Where the string "Chevalley" occurs in a line of the entries below, copy that line.
[Dataset records Boundary: Start]
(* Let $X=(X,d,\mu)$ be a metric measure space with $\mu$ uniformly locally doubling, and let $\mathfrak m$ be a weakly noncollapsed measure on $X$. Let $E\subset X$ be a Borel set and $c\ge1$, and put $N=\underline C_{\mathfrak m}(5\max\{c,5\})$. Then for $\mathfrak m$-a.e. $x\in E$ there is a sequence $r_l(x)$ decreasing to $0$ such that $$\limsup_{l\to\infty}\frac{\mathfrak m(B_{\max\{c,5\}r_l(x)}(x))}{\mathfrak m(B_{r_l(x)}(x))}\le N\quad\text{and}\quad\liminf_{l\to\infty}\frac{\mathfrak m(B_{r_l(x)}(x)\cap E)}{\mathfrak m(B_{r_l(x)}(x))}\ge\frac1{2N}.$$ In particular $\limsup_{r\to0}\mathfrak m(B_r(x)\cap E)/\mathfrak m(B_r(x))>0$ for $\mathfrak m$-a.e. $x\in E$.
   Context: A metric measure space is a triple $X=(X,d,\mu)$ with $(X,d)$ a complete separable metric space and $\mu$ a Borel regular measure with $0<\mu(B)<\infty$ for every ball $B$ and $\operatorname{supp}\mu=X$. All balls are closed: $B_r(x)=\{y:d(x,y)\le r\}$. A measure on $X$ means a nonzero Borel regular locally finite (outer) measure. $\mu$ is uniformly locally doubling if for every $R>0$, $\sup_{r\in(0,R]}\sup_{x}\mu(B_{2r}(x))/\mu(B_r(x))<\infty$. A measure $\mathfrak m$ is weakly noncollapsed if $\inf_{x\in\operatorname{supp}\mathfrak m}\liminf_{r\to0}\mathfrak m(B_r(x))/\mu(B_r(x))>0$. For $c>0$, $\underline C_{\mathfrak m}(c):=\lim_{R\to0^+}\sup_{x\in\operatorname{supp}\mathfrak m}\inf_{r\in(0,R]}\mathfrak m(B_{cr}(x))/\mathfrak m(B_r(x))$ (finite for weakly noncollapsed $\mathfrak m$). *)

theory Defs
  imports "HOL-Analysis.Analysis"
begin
[Dataset records Boundary: End]
[Dataset records Boundary: Start]
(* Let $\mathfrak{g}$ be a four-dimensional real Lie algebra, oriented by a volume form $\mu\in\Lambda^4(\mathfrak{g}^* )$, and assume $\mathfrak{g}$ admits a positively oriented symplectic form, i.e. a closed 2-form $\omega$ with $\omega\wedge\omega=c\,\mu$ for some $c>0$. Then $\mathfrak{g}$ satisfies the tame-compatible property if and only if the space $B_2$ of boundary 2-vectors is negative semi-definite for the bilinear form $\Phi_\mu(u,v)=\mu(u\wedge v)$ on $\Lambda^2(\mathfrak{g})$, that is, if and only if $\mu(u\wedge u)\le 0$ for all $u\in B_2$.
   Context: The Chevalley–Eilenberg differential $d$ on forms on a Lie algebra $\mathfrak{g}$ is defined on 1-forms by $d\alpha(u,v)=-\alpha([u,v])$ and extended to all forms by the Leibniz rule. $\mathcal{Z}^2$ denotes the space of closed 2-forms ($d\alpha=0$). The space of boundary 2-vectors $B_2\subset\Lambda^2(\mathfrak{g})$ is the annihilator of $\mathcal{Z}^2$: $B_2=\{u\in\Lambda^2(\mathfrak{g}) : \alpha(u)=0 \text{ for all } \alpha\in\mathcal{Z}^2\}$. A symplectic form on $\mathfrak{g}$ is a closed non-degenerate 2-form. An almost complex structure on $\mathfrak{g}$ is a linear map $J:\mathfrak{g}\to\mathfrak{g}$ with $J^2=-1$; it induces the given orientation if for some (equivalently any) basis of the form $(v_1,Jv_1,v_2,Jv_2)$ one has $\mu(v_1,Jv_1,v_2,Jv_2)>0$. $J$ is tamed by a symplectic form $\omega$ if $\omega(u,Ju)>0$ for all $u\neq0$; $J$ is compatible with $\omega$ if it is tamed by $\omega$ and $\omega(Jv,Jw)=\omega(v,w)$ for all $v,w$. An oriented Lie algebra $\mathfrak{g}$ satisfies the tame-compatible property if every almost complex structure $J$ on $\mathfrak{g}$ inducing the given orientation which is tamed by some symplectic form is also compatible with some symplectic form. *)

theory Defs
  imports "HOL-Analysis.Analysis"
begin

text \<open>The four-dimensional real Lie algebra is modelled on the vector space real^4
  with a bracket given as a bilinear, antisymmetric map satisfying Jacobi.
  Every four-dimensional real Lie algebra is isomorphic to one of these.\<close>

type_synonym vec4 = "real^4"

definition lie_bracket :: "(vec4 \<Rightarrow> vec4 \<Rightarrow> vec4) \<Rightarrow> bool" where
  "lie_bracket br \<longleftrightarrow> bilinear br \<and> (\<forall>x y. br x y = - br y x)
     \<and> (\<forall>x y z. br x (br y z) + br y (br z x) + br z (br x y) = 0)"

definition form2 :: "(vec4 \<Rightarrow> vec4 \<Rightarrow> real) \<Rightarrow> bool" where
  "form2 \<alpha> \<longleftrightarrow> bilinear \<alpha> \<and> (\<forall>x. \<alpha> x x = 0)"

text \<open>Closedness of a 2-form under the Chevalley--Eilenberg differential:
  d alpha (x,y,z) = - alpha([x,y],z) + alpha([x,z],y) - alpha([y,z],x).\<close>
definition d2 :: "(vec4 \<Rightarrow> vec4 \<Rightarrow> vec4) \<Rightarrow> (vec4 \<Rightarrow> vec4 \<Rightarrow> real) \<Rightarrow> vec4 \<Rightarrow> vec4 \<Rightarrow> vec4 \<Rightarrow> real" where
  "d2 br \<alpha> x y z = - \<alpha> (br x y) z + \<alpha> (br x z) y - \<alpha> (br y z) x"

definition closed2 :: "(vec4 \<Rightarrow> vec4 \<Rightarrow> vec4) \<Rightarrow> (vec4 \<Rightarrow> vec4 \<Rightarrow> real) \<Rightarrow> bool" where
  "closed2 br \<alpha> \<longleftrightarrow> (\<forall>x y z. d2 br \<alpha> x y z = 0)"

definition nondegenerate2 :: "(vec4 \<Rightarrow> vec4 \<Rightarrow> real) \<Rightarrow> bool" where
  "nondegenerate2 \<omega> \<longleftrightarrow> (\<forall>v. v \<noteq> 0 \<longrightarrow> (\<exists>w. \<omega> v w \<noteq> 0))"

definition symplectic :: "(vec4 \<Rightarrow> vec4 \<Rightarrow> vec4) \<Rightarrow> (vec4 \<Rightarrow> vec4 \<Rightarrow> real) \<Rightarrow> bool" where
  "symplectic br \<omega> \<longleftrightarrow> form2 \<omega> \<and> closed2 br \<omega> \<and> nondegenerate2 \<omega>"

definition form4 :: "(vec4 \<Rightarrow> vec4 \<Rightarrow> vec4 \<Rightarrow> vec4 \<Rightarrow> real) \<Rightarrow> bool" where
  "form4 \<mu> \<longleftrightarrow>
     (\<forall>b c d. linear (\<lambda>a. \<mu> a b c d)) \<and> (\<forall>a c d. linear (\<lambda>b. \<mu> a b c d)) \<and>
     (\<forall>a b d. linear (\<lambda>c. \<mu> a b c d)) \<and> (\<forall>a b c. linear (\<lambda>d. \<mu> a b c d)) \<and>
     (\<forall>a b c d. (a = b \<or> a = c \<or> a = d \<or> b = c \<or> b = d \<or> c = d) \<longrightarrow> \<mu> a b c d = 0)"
[Dataset records Boundary: End]
» Solution for this exercise:
   Context: The Chevalley–Eilenberg differential $d$ on forms on a Lie algebra $\mathfrak{g}$ is defined on 1-forms by $d\alpha(u,v)=-\alpha([u,v])$ and extended to all forms by the Leibniz rule. $\mathcal{Z}^2$ denotes the space of closed 2-forms ($d\alpha=0$). The space of boundary 2-vectors $B_2\subset\Lambda^2(\mathfrak{g})$ is the annihilator of $\mathcal{Z}^2$: $B_2=\{u\in\Lambda^2(\mathfrak{g}) : \alpha(u)=0 \text{ for all } \alpha\in\mathcal{Z}^2\}$. A symplectic form on $\mathfrak{g}$ is a closed non-degenerate 2-form. An almost complex structure on $\mathfrak{g}$ is a linear map $J:\mathfrak{g}\to\mathfrak{g}$ with $J^2=-1$; it induces the given orientation if for some (equivalently any) basis of the form $(v_1,Jv_1,v_2,Jv_2)$ one has $\mu(v_1,Jv_1,v_2,Jv_2)>0$. $J$ is tamed by a symplectic form $\omega$ if $\omega(u,Ju)>0$ for all $u\neq0$; $J$ is compatible with $\omega$ if it is tamed by $\omega$ and $\omega(Jv,Jw)=\omega(v,w)$ for all $v,w$. An oriented Lie algebra $\mathfrak{g}$ satisfies the tame-compatible property if every almost complex structure $J$ on $\mathfrak{g}$ inducing the given orientation which is tamed by some symplectic form is also compatible with some symplectic form. *)
text \<open>Closedness of a 2-form under the Chevalley--Eilenberg differential:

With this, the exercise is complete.